I hear it’s the first browser in a long while to come with a new engine. Completely independent and no revenue model. To me that would work well for privacy but I see no mention of privacy as any benefit. In fact I don’t see a privacy policy anywhere !
Is a goal of the browser to be telemetry free ? Should I as a person who cares about privacy be showing any interest?


It’s unremarkable and has baggage.
The Servo browser is where it’s at. It’s written entirely in rust so it has a leg up on stability and security over other browsers. The issue is that they’re not really interested in the most important part, which is things like bookmarks and dark mode. They are laser focussed on the engine and anyone who would use Servo would be fine with a few websites looking broken.

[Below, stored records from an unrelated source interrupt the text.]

lemma p_power_int_in_val_ideal: "p powi k \<in> val_ideal k"
  unfolding val_ideal_def by (simp add: val_p_power_int)

lemma val_ring_eq_val_ideal: "val_ring \<nu> = val_ideal 0"
  unfolding val_ring_def val_ideal_def by auto

lemma R_in_val_ideal: "r \<in> R \<Longrightarrow> r \<in> val_ideal 0"
  using R_subset val_ring_eq_val_ideal by auto

lemma R_add: "a \<in> R \<Longrightarrow> b \<in> R \<Longrightarrow> a + b \<in> R"
  and R_mult: "a \<in> R \<Longrightarrow> b \<in> R \<Longrightarrow> a * b \<in> R"
  and R_0: "0 \<in> R" and R_1: "1 \<in> R"
  using subring unfolding is_subring_def by auto

lemma R_sum: "(\<And>i. i \<in> F \<Longrightarrow> f i \<in> R) \<Longrightarrow> sum f F \<in> R"
  by (induction F rule: infinite_finite_induct) (auto intro: R_add R_0)

lemma res_add: "a \<in> val_ideal 0 \<Longrightarrow> b \<in> val_ideal 0 \<Longrightarrow> res (a + b) = res a + res b"
  and res_mult: "a \<in> val_ideal 0 \<Longrightarrow> b \<in> val_ideal 0 \<Longrightarrow> res (a * b) = res a * res b"
  and res_eq_0_iff: "a \<in> val_ideal 0 \<Longrightarrow> res a = 0 \<longleftrightarrow> a \<in> val_ideal 1"
  using residue_map unfolding residue_map_def val_ring_eq_val_ideal[symmetric]
  by (auto simp: val_ideal_def val_ring_def)

lemma res_0 [simp]: "res 0 = 0"
  using res_eq_0_iff[of 0] by simp

lemma res_eqI:
  assumes a: "a \<in> val_ideal 0" and d: "a - b \<in> val_ideal 1"
  shows "res a = res b"
proof -
  have d0: "a - b \<in> val_ideal 0" using d val_ideal_antimono by auto
  have b: "b \<in> val_ideal 0" using val_ideal_diff[OF a d0] by simp
  have "res a = res (b + (a - b))" by simp
  also have "\<dots> = res b + res (a - b)" using res_add[OF b d0] .
  finally show ?thesis using res_eq_0_iff[OF d0] d by simp
qed

lemma val_add_higher:
  assumes a: "a \<noteq> 0" and e: "e \<in> val_ideal (\<nu> a + 1)"
  shows "a + e \<noteq> 0" "\<nu> (a + e) = \<nu> a"
proof -
  show ne: "a + e \<noteq> 0"
  proof
    assume "a + e = 0"
    then have "e = - a" by (metis minus_unique)
    with e a show False by (auto simp: val_ideal_def val_uminus)
  qed
  have "a + e \<in> val_ideal (\<nu> a)"
    using val_ideal_add[OF in_val_ideal_val[OF a] val_ideal_antimono[OF e]] by simp
  then have ge: "\<nu> (a + e) \<ge> \<nu> a" using ne by (simp add: val_ideal_def)
  have "(a + e) + - e \<in> val_ideal (min (\<nu> (a + e)) (\<nu> a + 1))"
    by (intro val_ideal_add val_ideal_antimono[OF in_val_ideal_val[OF ne]]
        val_ideal_antimono[OF val_ideal_uminus[OF e]]) simp_all
  then have "\<nu> a \<ge> min (\<nu> (a + e)) (\<nu> a + 1)" using a by (simp add: val_ideal_def)
  with ge show "\<nu> (a + e) = \<nu> a" by linarith
qed

lemma val_lim_iff: "val_lim \<nu> s L \<longleftrightarrow> (\<forall>M. \<exists>N. \<forall>m\<ge>N. s m - L \<in> val_ideal M)"
  unfolding val_lim_def val_ideal_def by auto

lemma val_lim_in_val_ideal:
  assumes "val_lim \<nu> s L" and "\<forall>m\<ge>N0. s m - x \<in> val_ideal k"
  shows "L - x \<in> val_ideal k"
proof -
  obtain N where N: "\<forall>m\<ge>N. s m - L \<in> val_ideal k"
    using assms(1) unfolding val_lim_iff by blast
  define m where "m = max N N0"
  have "L - x = (s m - x) - (s m - L)" by simp
  also have "\<dots> \<in> val_ideal k"
    by (rule val_ideal_diff) (use N assms(2) in \<open>auto simp: m_def\<close>)
  finally show ?thesis .
qed

lemma val_lim_unique:
  assumes "val_lim \<nu> s L1" "val_lim \<nu> s L2"
  shows "L1 = L2"
proof (rule ccontr)
  assume ne: "L1 \<noteq> L2"
  obtain N where N: "\<forall>m\<ge>N. s m - L2 \<in> val_ideal (\<nu> (L1 - L2) + 1)"
    using assms(2) unfolding val_lim_iff by blast
  have "L1 - L2 \<in> val_ideal (\<nu> (L1 - L2) + 1)" using val_lim_in_val_ideal[OF assms(1) N] .
  with ne show False by (simp add: val_ideal_def)
qed

lemma subst_p_eqI: "val_lim \<nu> (\<lambda>N. \<Sum>\<beta><N. fps_nth c \<beta> * p ^ \<beta>) L \<Longrightarrow> subst_p \<nu> p c = L"
  unfolding subst_p_def by (rule the_equality) (auto intro: val_lim_unique)

lemma subst_p_0 [simp]: "subst_p \<nu> p 0 = 0"
  by (rule subst_p_eqI) (simp add: val_lim_def)

lemma power_series_tail_in_val_ideal:
  assumes "\<forall>\<beta>. fps_nth c \<beta> \<in> val_ideal 0"
  shows "(\<Sum>\<beta>\<in>{m..<k}. fps_nth c \<beta> * p ^ \<beta>) \<in> val_ideal (int m)"
proof (rule val_ideal_sum)
  fix \<beta> assume \<beta>: "\<beta> \<in> {m..<k}"
  have "fps_nth c \<beta> * p ^ \<beta> \<in> val_ideal (0 + int \<beta>)"
    using assms val_ideal_mult p_power_in_val_ideal by blast
  then show "fps_nth c \<beta> * p ^ \<beta> \<in> val_ideal (int m)"
    using \<beta> by (auto intro: val_ideal_antimono)
qed

lemma power_series_partial_sums_diff:
  "m \<le> k \<Longrightarrow> (\<Sum>\<beta><k. fps_nth c \<beta> * p ^ \<beta>) - (\<Sum>\<beta><m. fps_nth c \<beta> * p ^ \<beta>)
    = (\<Sum>\<beta>\<in>{m..<k}. fps_nth c \<beta> * p ^ \<beta>)"
  using sum_diff_nat_ivl[of 0 m k] by (simp add: atLeast0LessThan)

lemma power_series_val_lim_exists:
  assumes "\<forall>\<beta>. fps_nth c \<beta> \<in> val_ideal 0"
  shows "\<exists>L. val_lim \<nu> (\<lambda>N. \<Sum>\<beta><N. fps_nth c \<beta> * p ^ \<beta>) L"
proof -
  let ?s = "\<lambda>N. \<Sum>\<beta><N. fps_nth c \<beta> * p ^ \<beta>"
  have tail: "?s k - ?s m \<in> val_ideal M" if "m \<le> k" "nat M \<le> m" for m k M
    using power_series_tail_in_val_ideal[OF assms, of m k] that
    by (simp add: power_series_partial_sums_diff val_ideal_antimono)
  have "?s m - ?s k \<in> val_ideal M" if "nat M \<le> m" "nat M \<le> k" for m k M
    using tail[of k m M] tail[of m k M] val_ideal_uminus[OF tail[of m k M]] that
    by (cases "m \<le> k") auto
  then have "val_cauchy \<nu> ?s"
    unfolding val_cauchy_def by (auto simp: val_ideal_def)
  then show ?thesis using complete unfolding val_complete_def by blast
qed

lemma subst_p_minus_lowest_term:
  assumes R: "\<forall>\<beta>. fps_nth c \<beta> \<in> R"
  shows "subst_p \<nu> p c - fps_lowest_coeff c * p ^ subdegree c
    \<in> val_ideal (int (subdegree c) + 1)"
proof -
  let ?b = "subdegree c" and ?x = "fps_lowest_coeff c"
  let ?s = "\<lambda>N. \<Sum>\<beta><N. fps_nth c \<beta> * p ^ \<beta>"
  have c0: "\<forall>\<beta>. fps_nth c \<beta> \<in> val_ideal 0" using R R_in_val_ideal by blast
  obtain L where L: "val_lim \<nu> ?s L" using power_series_val_lim_exists[OF c0] by blast
  have "(\<Sum>\<beta><?b. fps_nth c \<beta> * p ^ \<beta>) = 0"
    by (rule sum.neutral) auto
  then have lowest: "?s (Suc ?b) = ?x * p ^ ?b" by simp
  have "\<forall>m\<ge>Suc ?b. ?s m - ?x * p ^ ?b \<in> val_ideal (int ?b + 1)"
  proof (intro allI impI)
    fix m assume m: "Suc ?b \<le> m"
    have "?s m - ?x * p ^ ?b = (\<Sum>\<beta>\<in>{Suc ?b..<m}. fps_nth c \<beta> * p ^ \<beta>)"
      using power_series_partial_sums_diff[OF m, of c] unfolding lowest .
    also have "\<dots> \<in> val_ideal (int (Suc ?b))" by (rule power_series_tail_in_val_ideal[OF c0])
    finally show "?s m - ?x * p ^ ?b \<in> val_ideal (int ?b + 1)" by (simp add: add.commute)
  qed
  from val_lim_in_val_ideal[OF L this] show ?thesis unfolding subst_p_eqI[OF L] .
qed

If Firefox released a Servo-based spin, I’d use that in a heartbeat.
are the servo creators as red pilled as ladybird’s creators?
Hmm… would be pretty neat if Playwrite could use the Servo engine too. I would start using that instead of the gecko driver, because why not?

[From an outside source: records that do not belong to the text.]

text \<open>Matrices are represented as functions nat \<Rightarrow> nat \<Rightarrow> real; an n\<times>n matrix is
  the restriction to V = {0..<n}. Submatrices M_ST are the restrictions to S \<times> T.\<close>

definition partition_of :: "nat set \<Rightarrow> nat set set \<Rightarrow> bool" where
  "partition_of V P \<longleftrightarrow> (\<forall>D\<in>P. D \<noteq> {} \<and> D \<subseteq> V) \<and>
     (\<forall>D\<in>P. \<forall>E\<in>P. D \<noteq> E \<longrightarrow> D \<inter> E = {}) \<and> \<Union>P = V"

definition symmetric_on :: "nat set \<Rightarrow> (nat \<Rightarrow> nat \<Rightarrow> real) \<Rightarrow> bool" where
  "symmetric_on V A \<longleftrightarrow> (\<forall>i\<in>V. \<forall>j\<in>V. A i j = A j i)"

definition spd_on :: "nat set \<Rightarrow> (nat \<Rightarrow> nat \<Rightarrow> real) \<Rightarrow> bool" where
  "spd_on V A \<longleftrightarrow> symmetric_on V A \<and>
     (\<forall>x. (\<exists>i\<in>V. x i \<noteq> 0) \<longrightarrow> (\<Sum>i\<in>V. \<Sum>j\<in>V. x i * A i j * x j) > 0)"

definition in_range :: "'r set \<Rightarrow> 'c set \<Rightarrow> ('r \<Rightarrow> 'c \<Rightarrow> real) \<Rightarrow> ('r \<Rightarrow> real) \<Rightarrow> bool" where
  "in_range R C A v \<longleftrightarrow> (\<exists>x. \<forall>i\<in>R. v i = (\<Sum>j\<in>C. A i j * x j))"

No, Rust doesn’t make your code more stable. It can help you making it more secure however.
Security and stability are related. They’re both about preventing unexpected behaviour.
But also Rust can’t replace skill. A ruin in Rust is still a ruin. But it can help make the ruin more secure.

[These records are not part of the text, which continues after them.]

section \<open>The power series of \<open>(1 - a r) powr -\<kappa>\<close>\<close>

notation fps_nth (infixl "$$" 75)

lemma fps_cX_mult_nth:
  "(fps_const (c::real) * fps_X * f) $$ k = (if k = 0 then 0 else c * f $$ (k - 1))"
  by (simp only: mult.assoc fps_mult_left_const_nth fps_X_mult_nth) simp

lemma fps_one_minus_cX_mult_nth:
  "((1 - fps_const (c::real) * fps_X) * f) $$ k = f $$ k - (if k = 0 then 0 else c * f $$ (k - 1))"
  by (simp add: algebra_simps fps_cX_mult_nth del: fps_mult_left_const_nth)

definition neg_binomial_fps :: "real \<Rightarrow> real \<Rightarrow> real fps" where
  "neg_binomial_fps \<kappa> a = Abs_fps (\<lambda>k. pochhammer \<kappa> k / fact k * a ^ k)"

lemma neg_binomial_fps_nth: "neg_binomial_fps \<kappa> a $$ k = pochhammer \<kappa> k / fact k * a ^ k"
  by (simp add: neg_binomial_fps_def)

lemma neg_binomial_fps_0: "neg_binomial_fps 0 a = 1"
  by (rule fps_ext) (simp add: neg_binomial_fps_nth pochhammer_0_left)

lemma neg_binomial_fps_shift:
  "(1 - fps_const a * fps_X) * neg_binomial_fps (\<kappa> + 1) a = neg_binomial_fps \<kappa> a"
proof (rule fps_ext)
  fix k
  show "((1 - fps_const a * fps_X) * neg_binomial_fps (\<kappa> + 1) a) $$ k = neg_binomial_fps \<kappa> a $$ k"
  proof (cases k)
    case (Suc j)
    have "pochhammer (\<kappa> + 1) (Suc j) = (\<kappa> + 1 + of_nat j) * pochhammer (\<kappa> + 1) j"
      "pochhammer \<kappa> (Suc j) = \<kappa> * pochhammer (\<kappa> + 1) j"
      "fact (Suc j) = (of_nat j + 1) * (fact j :: real)"
      by (rule pochhammer_rec', rule pochhammer_rec, simp)
    then have "pochhammer (\<kappa> + 1) (Suc j) / fact (Suc j) - pochhammer (\<kappa> + 1) j / fact j
        = pochhammer \<kappa> (Suc j) / fact (Suc j)"
      by (simp add: divide_simps del: fact_Suc) (simp add: algebra_simps)
    then show ?thesis
      by (simp add: Suc fps_one_minus_cX_mult_nth neg_binomial_fps_nth algebra_simps del: fact_Suc)
  qed (simp add: fps_one_minus_cX_mult_nth neg_binomial_fps_nth)
qed

lemma neg_binomial_fps_geometric: "(1 - fps_const a * fps_X) * neg_binomial_fps 1 a = 1"
  using neg_binomial_fps_shift[of a 0] by (simp add: neg_binomial_fps_0)

lemma neg_binomial_fps_plus_1:
  "neg_binomial_fps (\<kappa> + 1) a = neg_binomial_fps \<kappa> a * neg_binomial_fps 1 a"
  by (metis (no_types, lifting) mult.assoc mult.commute mult_1 neg_binomial_fps_geometric
      neg_binomial_fps_shift)

lemma fps_deriv_neg_binomial_fps:
  "fps_deriv (neg_binomial_fps \<kappa> a) = fps_const (\<kappa> * a) * neg_binomial_fps (\<kappa> + 1) a"
proof (rule fps_ext)
  fix k
  have "pochhammer \<kappa> (Suc k) = \<kappa> * pochhammer (\<kappa> + 1) k"
    by (rule pochhammer_rec)
  then show "fps_deriv (neg_binomial_fps \<kappa> a) $$ k = (fps_const (\<kappa> * a) * neg_binomial_fps (\<kappa> + 1) a) $$ k"
    by (simp add: neg_binomial_fps_nth field_simps del: of_nat_Suc)
qed

lemma has_real_derivative_neg_binomial_fps_nth:
  "((\<lambda>t. neg_binomial_fps \<kappa> (a + t * c) $$ k) has_real_derivative
     (fps_const (\<kappa> * c) * fps_X * neg_binomial_fps (\<kappa> + 1) a) $$ k) (at 0)"
proof -
  have "((\<lambda>t. pochhammer \<kappa> k / fact k * (a + t * c) ^ k) has_real_derivative
      pochhammer \<kappa> k / fact k * (of_nat k * (a + 0 * c) ^ (k - 1) * c)) (at 0)"
    by (auto intro!: derivative_eq_intros)
  moreover have "pochhammer \<kappa> k / fact k * (of_nat k * a ^ (k - 1) * c)
      = (fps_const (\<kappa> * c) * fps_X * neg_binomial_fps (\<kappa> + 1) a) $$ k"
  proof (cases k)
    case (Suc j)
    have "pochhammer \<kappa> (Suc j) = \<kappa> * pochhammer (\<kappa> + 1) j"
      by (rule pochhammer_rec)
    then show ?thesis
      by (simp add: Suc fps_cX_mult_nth neg_binomial_fps_nth field_simps del: of_nat_Suc)
  qed (simp add: fps_cX_mult_nth)
  ultimately show ?thesis by (simp add: neg_binomial_fps_nth)
qed

lemma geometric_fps_diff:
  "neg_binomial_fps 1 a - neg_binomial_fps 1 b
     = fps_const (a - b) * fps_X * neg_binomial_fps 1 a * neg_binomial_fps 1 b"
proof -
  let ?G = "neg_binomial_fps 1" and ?E = "\<lambda>c. 1 - fps_const c * fps_X"
  have "?G a - ?G b = ?G a * (?E b * ?G b) - ?G b * (?E a * ?G a)"
    by (simp only: neg_binomial_fps_geometric mult_1_right)
  also have "\<dots> = (?E b - ?E a) * ?G a * ?G b" by (simp add: algebra_simps)
  also have "?E b - ?E a = fps_const (a - b) * fps_X" by (simp add: algebra_simps)
  finally show ?thesis .
qed

lemma geometric_fps_cX: "fps_const a * fps_X * neg_binomial_fps 1 a = neg_binomial_fps 1 a - 1"
  using neg_binomial_fps_geometric[of a] by (simp add: algebra_simps)

lemma geometric_fps_antipodal:
  "2 * (neg_binomial_fps 1 a * neg_binomial_fps 1 (- a)) = neg_binomial_fps 1 a + neg_binomial_fps 1 (- a)"
proof -
  let ?G = "neg_binomial_fps 1" and ?E = "\<lambda>c. 1 - fps_const c * fps_X"
  have "?G a + ?G (- a) = ?G a * (?E (- a) * ?G (- a)) + ?G (- a) * (?E a * ?G a)"
    by (simp only: neg_binomial_fps_geometric mult_1_right)
  also have "\<dots> = (?E a + ?E (- a)) * (?G a * ?G (- a))" by (simp add: algebra_simps)
  also have "?E a + ?E (- a) = 2" by simp
  finally show ?thesis by (rule sym)
qed

lemma neg_binomial_fps_compose_uminus:
  "neg_binomial_fps \<kappa> a oo - fps_X = neg_binomial_fps \<kappa> (- a)"
  by (rule fps_ext) (simp add: fps_compose_uminus' neg_binomial_fps_nth power_minus[of a] mult_ac)

lemma fps_deriv_prod_log:
  fixes F :: "'i \<Rightarrow> 'a::comm_ring_1 fps"
  assumes "finite S" and "\<And>y. y \<in> S \<Longrightarrow> fps_deriv (F y) = F y * L y"
  shows "fps_deriv (\<Prod>y\<in>S. F y) = (\<Prod>y\<in>S. F y) * (\<Sum>y\<in>S. L y)"
  using assms by (induction S rule: finite_induct) (simp_all add: algebra_simps)

text \<open>The library proves this for complex power series only.\<close>
lemma fps_nth_fps_expansion_real_normed_field:
  fixes F :: "'a::{banach, real_normed_field} fps"
  assumes "f has_fps_expansion F"
  shows "F $$ n = (deriv ^^ n) f 0 / fact n"
proof -
  have "G $$ n = (deriv ^^ n) (eval_fps G) 0 / fact n" if "fps_conv_radius G > 0" for G :: "'a fps"
    using that
  proof (induction n arbitrary: G)
    case 0
    then show ?case by (simp add: eval_fps_def)
  next
    case (Suc n)
    have "eventually (\<lambda>z. z \<in> eball 0 (fps_conv_radius G)) (nhds (0::'a))"
      using Suc.prems by (intro eventually_nhds_in_open) (auto simp: zero_ereal_def)
    then have "eventually (\<lambda>z. deriv (eval_fps G) z = eval_fps (fps_deriv G) z) (nhds 0)"
      by eventually_elim (simp add: eval_fps_deriv)
    then have "(deriv ^^ Suc n) (eval_fps G) 0 = (deriv ^^ n) (eval_fps (fps_deriv G)) 0"
      unfolding funpow_Suc_right o_def by (intro higher_deriv_cong_ev refl)
    moreover have "fps_deriv G $$ n = (deriv ^^ n) (eval_fps (fps_deriv G)) 0 / fact n"
      using Suc.prems fps_conv_radius_deriv[of G] by (intro Suc.IH) auto
    ultimately show ?case by (simp add: fps_deriv_def field_split_simps del: of_nat_Suc)
  qed
  moreover have "(deriv ^^ n) (eval_fps F) 0 = (deriv ^^ n) f 0"
    using assms by (intro higher_deriv_cong_ev) (auto simp: has_fps_expansion_def)
  ultimately show ?thesis using assms by (simp add: has_fps_expansion_def)
qed

lemma neg_binomial_fps_sums:
  assumes "\<bar>r * a\<bar> < 1"
  shows "(\<lambda>n. neg_binomial_fps \<kappa> a $$ n * r ^ n) sums ((1 - r * a) powr (- \<kappa>))"
proof -
  have "(\<lambda>n. ((- \<kappa>) gchoose n) * (- (r * a)) ^ n) sums ((1 + (- (r * a))) powr (- \<kappa>))"
    using assms by (intro gen_binomial_real) simp
  moreover have "((- \<kappa>) gchoose n) * (- (r * a)) ^ n = neg_binomial_fps \<kappa> a $$ n * r ^ n" for n
  proof -
    have "((- \<kappa>) gchoose n) * (- (r * a)) ^ n
        = ((- 1) ^ n * (- 1) ^ n) * (pochhammer \<kappa> n / fact n) * (r ^ n * a ^ n)"
      by (simp add: gbinomial_pochhammer power_minus[of "r * a"] power_mult_distrib)
    also have "(- 1 :: real) ^ n * (- 1) ^ n = 1" by (simp flip: power_add)
    finally show ?thesis by (simp add: neg_binomial_fps_nth)
  qed
  ultimately show ?thesis by simp
qed

lemma has_fps_expansion_neg_binomial:
  "(\<lambda>r. (1 - r * a) powr (- \<kappa>)) has_fps_expansion neg_binomial_fps \<kappa> a"
proof -
  define d where "d = 1 / (\<bar>a\<bar> + 1)"
  have a1: "\<bar>a\<bar> + 1 > 0" by (simp add: add_nonneg_pos)
  then have "d > 0" by (simp add: d_def)
  have small: "\<bar>r * a\<bar> < 1" if "\<bar>r\<bar> < d" for r
  proof -
    have "\<bar>r * a\<bar> \<le> \<bar>r\<bar> * (\<bar>a\<bar> + 1)" by (simp add: abs_mult mult_left_mono)
    also have "\<dots> < d * (\<bar>a\<bar> + 1)" using that a1 by (intro mult_strict_right_mono) auto
    also have "\<dots> = 1" using a1 by (simp add: d_def)
    finally show ?thesis .
  qed
  have "\<bar>d / 2\<bar> < d" using \<open>d > 0\<close> by simp
  then have "summable (\<lambda>n. neg_binomial_fps \<kappa> a $$ n * (d / 2) ^ n)"
    using neg_binomial_fps_sums small sums_summable by blast
  then have "ereal (norm (d / 2)) \<le> fps_conv_radius (neg_binomial_fps \<kappa> a)"
    unfolding fps_conv_radius_def by (rule conv_radius_geI)
  moreover have "0 < ereal (norm (d / 2))" using \<open>d > 0\<close> by simp
  ultimately have "fps_conv_radius (neg_binomial_fps \<kappa> a) > 0" by (meson less_le_trans)
  moreover have "eventually (\<lambda>r. r \<in> ball 0 d) (nhds (0::real))"
    using \<open>d > 0\<close> by (intro eventually_nhds_in_open) auto
  then have "eventually (\<lambda>r. eval_fps (neg_binomial_fps \<kappa> a) r = (1 - r * a) powr (- \<kappa>)) (nhds 0)"
  proof eventually_elim
    case (elim r)
    then have "(\<lambda>n. neg_binomial_fps \<kappa> a $$ n * r ^ n) sums ((1 - r * a) powr (- \<kappa>))"
      using small neg_binomial_fps_sums by (simp add: dist_real_def)
    then show ?case by (simp add: eval_fps_def sums_iff)
  qed
  ultimately show ?thesis by (simp add: has_fps_expansion_def)
qed

lemma has_fps_expansion_geometric:
  "(\<lambda>r. inverse (1 - r * a)) has_fps_expansion neg_binomial_fps 1 a"
proof -
  have "eventually (\<lambda>r. r \<in> ball 0 (1 / (\<bar>a\<bar> + 1))) (nhds (0::real))"
    by (intro eventually_nhds_in_open) (auto simp: add_pos_nonneg)
  then have "eventually (\<lambda>r. (1 - r * a) powr (- 1) = inverse (1 - r * a)) (nhds 0)"
  proof eventually_elim
    case (elim r)
    then have "\<bar>r\<bar> * (\<bar>a\<bar> + 1) < 1" by (simp add: field_simps add_pos_nonneg)
    moreover have "\<bar>r\<bar> * \<bar>a\<bar> \<le> \<bar>r\<bar> * (\<bar>a\<bar> + 1)" by (simp add: mult_left_mono)
    ultimately have "\<bar>r * a\<bar> < 1" by (simp add: abs_mult)
    then have "1 - r * a > 0" by (simp add: abs_less_iff)
    then show ?case by (simp add: powr_minus)
  qed
  moreover have "(\<lambda>r. (1 - r * a) powr (- 1)) has_fps_expansion neg_binomial_fps 1 a"
    by (rule has_fps_expansion_neg_binomial)
  ultimately show ?thesis unfolding has_fps_expansion_def by (auto elim: eventually_elim2)
qed

section \<open>The generating series and its partial derivatives\<close>

definition has_coeffwise_deriv :: "(real \<Rightarrow> real fps) \<Rightarrow> real fps \<Rightarrow> bool" where
  "has_coeffwise_deriv F F' \<longleftrightarrow> (\<forall>k. ((\<lambda>t. F t $$ k) has_real_derivative F' $$ k) (at 0))"

lemma has_coeffwise_deriv_mult:
  assumes "has_coeffwise_deriv F F'" and "has_coeffwise_deriv H H'"
  shows "has_coeffwise_deriv (\<lambda>t. F t * H t) (F' * H 0 + F 0 * H')"
  unfolding has_coeffwise_deriv_def
proof
  fix k
  have "((\<lambda>t. \<Sum>i=0..k. F t $$ i * H t $$ (k - i)) has_real_derivative
      (\<Sum>i=0..k. F' $$ i * H 0 $$ (k - i) + H' $$ (k - i) * F 0 $$ i)) (at 0)"
    using assms unfolding has_coeffwise_deriv_def by (intro DERIV_sum DERIV_mult) auto
  moreover have "(F' * H 0 + F 0 * H') $$ k = (\<Sum>i=0..k. F' $$ i * H 0 $$ (k - i) + H' $$ (k - i) * F 0 $$ i)"
    by (simp only: fps_add_nth fps_mult_nth sum.distrib) (simp add: mult.commute)
  ultimately show "((\<lambda>t. (F t * H t) $$ k) has_real_derivative (F' * H 0 + F 0 * H') $$ k) (at 0)"
    by (simp add: fps_mult_nth)
qed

Never said it could, just that it gives them a leg up.
Sure, yes. Not like the “you can make safe C code, just need to (know how to) avoid the foot guns”, you’re right.
I’m hoping servo can be integrated into qutebrowser soon
Qute isn’t my kind of browser, so I probably won’t be following you to Qute.
Firefox suites my workflow basically perfectly. Except that it won’t let me duplicate a tab with a keyboard shortcut (because tabs freeze quite often).